The garrison of the city amounted to twenty thousand foot and four
thousand horse, and the total force which the city could command was more
than one hundred thousand men. The navy was the largest in the world, for,
in the sea-fight with Regulus, it numbered three hundred and fifty ships,
carrying one hundred and fifty thousand men.

Such was this great power against which the Romans were resolved to
contend. It would seem that Carthage was willing that Rome should have the
sovereignty of Italy, provided it had itself the possession of Sicily. But
this was what the Romans were determined to prevent. The object of
contention, then, between these two rivals, the one all-powerful by land
and the other by sea, was the possession of Sicily.

During the first three years of the war, the Romans made themselves
masters of all the island, except the maritime fortresses at its western
extremity, Eryx and Panormus. Meanwhile the Carthaginians ravaged the
coasts of Italy, and destroyed its commerce. The Romans then saw that
Sicily could not be held without a navy as powerful as that of their
rivals, and it was resolved to build at once one hundred and twenty ships.
A Carthaginian quinquereme, wrecked on the Bruttian shore, furnished the
model, the forests of Silo the timber, and the maritime cities of Italy
and Greece, the sailors. In sixty days a fleet of one hundred and twenty
ships was built and ready for sea. The superior seamanship of the
Carthaginians was neutralized by converting the decks into a battle-field
for soldiers. Each ship was provided with a long boarding-bridge, hinged
up against the mast, to be let down on the prow, and fixed to the hostile
deck by a long spike, which projected from its end.
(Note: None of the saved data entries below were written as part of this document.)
text \<open>
  A multi-index whose values are bounded by M is determined by its values on a
  set J of free coordinates together with the number of symmetric coordinates (those in I d,
  where k is monotone) carrying each value m \<in> {2..M}.  Summing the weight
  \<Prod>l. lam (k l) powr tau over all such codes (a Markov-type count) gives, for every tau > 0,
    n(eps,d) \<le> (\<Prod>m\<in>{2..M}. \<Sum>n\<le>#J. (lam m powr tau)^n) * (\<Sum>m\<le>M. lam m powr tau)^(d-#J) * eps^(-2 tau),
  with J = I d if lam 1 = 1 and J = {} otherwise.  If lam 1 < 1 we pick tau with
  \<Sum>m. lam m powr tau \<le> 1/2 and get n(eps,d) \<le> eps^(-2 tau).  If lam 1 = 1 > lam (L+1)
  we pick tau with tail \<Sum>m>L. lam m powr tau \<le> 1/2: the product is then at most
  (#I d + 1)^(L-1) * e, and the remaining factor is exponential only in d - #I d; bounded
  d - #I d (with L = 1) gives strong, and d - #I d = O(ln d) gives polynomial tractability.

  For d = 1, n(eps,1) \<ge> #{m. lam m > eps^2}, which forces lam \<in> l_p.
  If lam 1 = 1, putting the value 2 on j free coordinates yields (d - #I d choose j) indices
  of weight lam 2^j, forcing d - #I d = O(1) resp. O(ln d); and lam 1 = lam 2 = 1 yields
  d + 1 monotone indices of weight 1, excluding strong tractability.
\<close>

lemma lam_antimono:
  fixes lam :: "nat \<Rightarrow> real"
  assumes noninc: "\<forall>m\<ge>1. lam (Suc m) \<le> lam m" and "1 \<le> m" "m \<le> n"
  shows "lam n \<le> lam m"
  using assms(3)
proof (induction n rule: dec_induct)
  case base then show ?case by simp
next
  case (step n) then show ?case using noninc assms(2) by (meson dual_order.trans le_trans)
qed

lemma lam_prod_le_factor:
  fixes lam :: "nat \<Rightarrow> real"
  assumes nonneg: "\<forall>m\<ge>1. lam m \<ge> 0" and le1: "\<forall>m\<ge>1. lam m \<le> 1"
    and k: "\<forall>l\<in>{1..d}. k l \<ge> 1" and l: "l \<in> {1..d}"
  shows "lam_prod lam d k \<le> lam (k l)"
proof -
  have "lam_prod lam d k = lam (k l) * (\<Prod>i\<in>{1..d} - {l}. lam (k i))"
    unfolding lam_prod_def using l by (simp add: prod.remove)
  also have "\<dots> \<le> lam (k l) * 1"
    using k l nonneg le1 by (intro mult_left_mono prod_le_1) auto
  finally show ?thesis by simp
qed

lemma nabla_S_antimono: "J \<subseteq> I \<Longrightarrow> nabla_S I d \<subseteq> nabla_S J d"
  unfolding nabla_S_def by blast

lemma relevant_indices_bounded:
  fixes lam :: "nat \<Rightarrow> real"
  assumes nonneg: "\<forall>m\<ge>1. lam m \<ge> 0" and le1: "\<forall>m\<ge>1. lam m \<le> 1"
    and to_zero: "lam \<longlonglongrightarrow> 0" and t: "t > 0"
  obtains M where "{k \<in> nabla_S J d. lam_prod lam d k > t} \<subseteq> {1..d} \<rightarrow>\<^sub>E {1..M}"
proof -
  from to_zero t have "eventually (\<lambda>m. dist (lam m) 0 < t) sequentially"
    by (rule tendstoD)
  then obtain M where M: "\<And>m. m \<ge> M \<Longrightarrow> \<bar>lam m\<bar> < t"
    by (auto simp: eventually_sequentially)
  have "k \<in> {1..d} \<rightarrow>\<^sub>E {1..M}" if k: "k \<in> nabla_S J d" "lam_prod lam d k > t" for k
  proof -
    have kP: "k \<in> {1..d} \<rightarrow>\<^sub>E {1..}" using k by (simp add: nabla_S_def)
    have kge: "\<forall>l\<in>{1..d}. k l \<ge> 1" using kP by (auto simp: PiE_iff)
    have "k l \<le> M" if l: "l \<in> {1..d}" for l
    proof -
      have "t < lam (k l)" using k(2) lam_prod_le_factor[OF nonneg le1 kge l] by linarith
      then show "k l \<le> M" using M[of "k l"] by fastforce
    qed
    then show ?thesis using kP kge by (auto simp: PiE_iff)
  qed
  then show ?thesis by (intro that) blast
qed

lemma finite_relevant_indices:
  fixes lam :: "nat \<Rightarrow> real"
  assumes "\<forall>m\<ge>1. lam m \<ge> 0" "\<forall>m\<ge>1. lam m \<le> 1" "lam \<longlonglongrightarrow> 0" "t > 0"
  shows "finite {k \<in> nabla_S J d. lam_prod lam d k > t}"
proof -
  obtain M where "{k \<in> nabla_S J d. lam_prod lam d k > t} \<subseteq> {1..d} \<rightarrow>\<^sub>E {1..M}"
    using relevant_indices_bounded[OF assms] .
  then show ?thesis by (rule finite_subset) (intro finite_PiE; auto)
qed

lemma card_exceeding_le:
  fixes W :: "'a \<Rightarrow> real"
  assumes "finite Z" "\<forall>z\<in>Z. W z \<ge> 0" "t > 0"
  shows "real (card {z\<in>Z. W z > t}) \<le> (\<Sum>z\<in>Z. W z) / t"
proof -
  have "t * real (card {z\<in>Z. W z > t}) = (\<Sum>z\<in>{z\<in>Z. W z > t}. t)" by simp
  also have "\<dots> \<le> (\<Sum>z\<in>{z\<in>Z. W z > t}. W z)" by (rule sum_mono) auto
  also have "\<dots> \<le> (\<Sum>z\<in>Z. W z)" by (rule sum_mono2) (use assms in auto)
  finally show ?thesis using assms by (simp add: field_simps mult.commute)
qed

lemma mem_upclosed_iff_card:
  fixes I A :: "nat set"
  assumes fin: "finite I" and sub: "A \<subseteq> I"
    and up: "\<forall>a\<in>A. \<forall>j\<in>I. a < j \<longrightarrow> j \<in> A" and i: "i \<in> I"
  shows "i \<in> A \<longleftrightarrow> card {j\<in>I. i \<le> j} \<le> card A"
proof
  assume iA: "i \<in> A"
  have "{j\<in>I. i \<le> j} \<subseteq> A" using up iA by (auto simp: order_le_less)
  then show "card {j\<in>I. i \<le> j} \<le> card A"
    using fin sub by (intro card_mono) (auto intro: finite_subset)
next
  assume c: "card {j\<in>I. i \<le> j} \<le> card A"
  show "i \<in> A"
  proof (rule ccontr)
    assume n: "i \<notin> A"
    have "A \<subseteq> {j\<in>I. i < j}"
    proof
      fix a assume a: "a \<in> A"
      have "\<not> a < i" "a \<noteq> i" using up a i n by blast+
      then show "a \<in> {j\<in>I. i < j}" using a sub by auto
    qed
    moreover have "{j\<in>I. i < j} \<subset> {j\<in>I. i \<le> j}" using i by auto
    ultimately have "card A < card {j\<in>I. i \<le> j}"
      using fin by (intro psubset_card_mono) auto
    with c show False by simp
  qed
qed

(* Two monotone maps on a finite index set with the same number of arguments above every
   level m coincide; this is why a symmetric multi-index is determined by its level counts. *)
lemma monotone_eq_of_level_counts:
  fixes k k' :: "nat \<Rightarrow> nat"
  assumes fin: "finite I"
    and mk: "\<forall>i\<in>I. \<forall>j\<in>I. i<j \<longrightarrow> k i \<le> k j"
    and mk': "\<forall>i\<in>I. \<forall>j\<in>I. i<j \<longrightarrow> k' i \<le> k' j"
    and cnt: "\<And>m. m \<ge> 1 \<Longrightarrow> card {i\<in>I. m < k i} = card {i\<in>I. m < k' i}"
    and pos: "\<forall>i\<in>I. 1 \<le> k i" "\<forall>i\<in>I. 1 \<le> k' i"
  shows "\<forall>i\<in>I. k i = k' i"
proof
  fix i assume i: "i\<in>I"
  have key: "m < k i \<longleftrightarrow> m < k' i" if m: "m \<ge> 1" for m
  proof -
    have "m < k i \<longleftrightarrow> card {j\<in>I. i \<le> j} \<le> card {i\<in>I. m < k i}"
      using mem_upclosed_iff_card[of I "{i\<in>I. m < k i}" i] fin mk i
      by (auto intro: less_le_trans)
    also have "\<dots> \<longleftrightarrow> card {j\<in>I. i \<le> j} \<le> card {i\<in>I. m < k' i}" using cnt m by simp
    also have "\<dots> \<longleftrightarrow> m < k' i"
      using mem_upclosed_iff_card[of I "{i\<in>I. m < k' i}" i] fin mk' i
      by (auto intro: less_le_trans)
    finally show ?thesis .
  qed
  show "k i = k' i" using key[of "k i"] key[of "k' i"] pos i
    by (meson linorder_neqE_nat less_irrefl)
qed

lemma card_above_eq_sum_levels:
  fixes k :: "nat \<Rightarrow> nat"
  assumes fin: "finite I" and b: "\<forall>i\<in>I. k i \<le> M"
  shows "card {i\<in>I. m < k i} = (\<Sum>m'\<in>{m+1..M}. card {i\<in>I. k i = m'})"
proof -
  have "(\<Sum>m'\<in>{m+1..M}. \<Sum>i\<in>{i\<in>{i\<in>I. m < k i}. k i = m'}. (1::nat))
        = (\<Sum>i\<in>{i\<in>I. m < k i}. (1::nat))"
    by (rule sum.group) (use fin b in auto)
  moreover have "\<And>m'. m' \<in> {m+1..M} \<Longrightarrow> {i\<in>{i\<in>I. m < k i}. k i = m'} = {i\<in>I. k i = m'}"
    by auto
  ultimately show ?thesis by simp
qed

definition level_code :: "nat set \<Rightarrow> nat set \<Rightarrow> nat \<Rightarrow> (nat \<Rightarrow> nat) \<Rightarrow> (nat \<Rightarrow> nat) \<times> (nat \<Rightarrow> nat)" where
  "level_code I J M k = (restrict (\<lambda>m. card {i\<in>I. k i = m}) {2..M}, restrict k J)"

lemma level_code_inj:
  assumes Isub: "I \<subseteq> {1..d}" and J: "J = {1..d} - I"
  shows "inj_on (level_code I J M) {k \<in> nabla_S I d. \<forall>l\<in>{1..d}. k l \<le> M}"
proof (rule inj_onI)
  fix k k' assume k: "k \<in> {k \<in> nabla_S I d. \<forall>l\<in>{1..d}. k l \<le> M}"
    and k': "k' \<in> {k \<in> nabla_S I d. \<forall>l\<in>{1..d}. k l \<le> M}"
    and eq: "level_code I J M k = level_code I J M k'"
  have finI: "finite I" using Isub finite_subset by blast
  have kP: "k \<in> {1..d} \<rightarrow>\<^sub>E {1..}" "k' \<in> {1..d} \<rightarrow>\<^sub>E {1..}"
    and mono: "\<forall>i\<in>I. \<forall>j\<in>I. i < j \<longrightarrow> k i \<le> k j" "\<forall>i\<in>I. \<forall>j\<in>I. i < j \<longrightarrow> k' i \<le> k' j"
    using k k' unfolding nabla_S_def by auto
  have bI: "\<forall>i\<in>I. k i \<le> M" "\<forall>i\<in>I. k' i \<le> M" using k k' Isub by auto
  have pos: "\<forall>i\<in>I. 1 \<le> k i" "\<forall>i\<in>I. 1 \<le> k' i" using kP Isub by (auto simp: PiE_iff)
  have levels: "card {i\<in>I. k i = m} = card {i\<in>I. k' i = m}" if m: "m \<in> {2..M}" for m
    using fun_cong[OF arg_cong[OF eq, of fst], of m] m by (simp add: level_code_def)
  have onI: "\<forall>i\<in>I. k i = k' i"
  proof (rule monotone_eq_of_level_counts[OF finI mono _ pos])
    fix m :: nat assume m: "m \<ge> 1"
    have "card {i\<in>I. m < k i} = (\<Sum>m'\<in>{m+1..M}. card {i\<in>I. k i = m'})"
      by (rule card_above_eq_sum_levels[OF finI bI(1)])
    also have "\<dots> = (\<Sum>m'\<in>{m+1..M}. card {i\<in>I. k' i = m'})"
      by (rule sum.cong) (use m levels in auto)
    also have "\<dots> = card {i\<in>I. m < k' i}"
      by (rule card_above_eq_sum_levels[OF finI bI(2), symmetric])
    finally show "card {i\<in>I. m < k i} = card {i\<in>I. m < k' i}" .
  qed
  have onJ: "\<forall>j\<in>J. k j = k' j"
    using fun_cong[OF arg_cong[OF eq, of snd]] by (simp add: level_code_def) (metis restrict_apply')
  show "k = k'"
  proof
    fix l
    show "k l = k' l"
    proof (cases "l \<in> {1..d}")
      case True
      then show ?thesis using onI onJ J by blast
    next
      case False
      then show ?thesis using PiE_arb[OF kP(1) False] PiE_arb[OF kP(2) False] by simp
    qed
  qed
qed

lemma level_code_range:
  assumes Isub: "I \<subseteq> {1..d}" and J: "J = {1..d} - I"
    and k: "k \<in> nabla_S I d" and kM: "\<forall>l\<in>{1..d}. k l \<le> M"
  shows "level_code I J M k \<in> ({2..M} \<rightarrow>\<^sub>E {0..card I}) \<times> (J \<rightarrow>\<^sub>E {1..M})"
proof -
  have finI: "finite I" using Isub finite_subset by blast
  have "card {i\<in>I. k i = m} \<le> card I" for m by (rule card_mono[OF finI]) auto
  moreover have "k j \<in> {1..M}" if "j \<in> J" for j
    using k kM that J by (auto simp: nabla_S_def PiE_iff)
  ultimately show ?thesis by (auto simp: level_code_def)
qed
The bridge was wide
enough for two soldiers to pass abreast, and its sides were protected by
bulwarks.

The first encounter of the Romans with the Carthaginians resulted
in the capture of the whole force, a squadron of seventeen ships. The
second encounter ended in the capture of more ships than the Roman
admiral, Cn. Scipio, had lost. The next battle, that of Mylae, in which the
whole Roman fleet was engaged, again turned in favor of the Romans, whose
bad seamanship provoked the contempt of their foes, and led to
self-confidence. The battle was gained by grappling the enemy's ships one
by one. The Carthaginians lost fourteen ships, and only saved the rest by
inglorious flight.

For six years no decided victories were won by either side, but in
the year B.C. 256, nine years from the commencement of hostilities, M.
Atilius Regulus, a noble of the same class and habits as Cincinnatus and
Fabricius, with a fleet of three hundred and thirty ships, manned by one
hundred thousand sailors, encountered the Carthaginian fleet of three
hundred and fifty ships on the southern coast of Sicily, and gained a
memorable victory. It was gained on the same principle as Epaminondas and
Alexander won their battles, by concentrating all the forces upon a single
point, and breaking the line. The Romans advanced in the shape of a wedge,
with the two consuls' ships at the apex. The Carthaginian admirals allowed
the centre to give way before the advancing squadron. The right wing made
a circuit out in the open sea, and took the Roman reserve in the rear,
while the left wing attacked the vessels that were towing the horse
transports, and forced them to the shore. But the Carthaginian centre,
being thus left weak, was no match for the best ships of the Romans, and
the consuls, victorious in the centre, turned to the relief of the two
rear divisions. The Carthaginians lost sixty-four ships, which were taken,
besides twenty-four which were sunk, and retreated with the remainder to
the Gulf of Carthage, to defend the shores against the anticipated attack.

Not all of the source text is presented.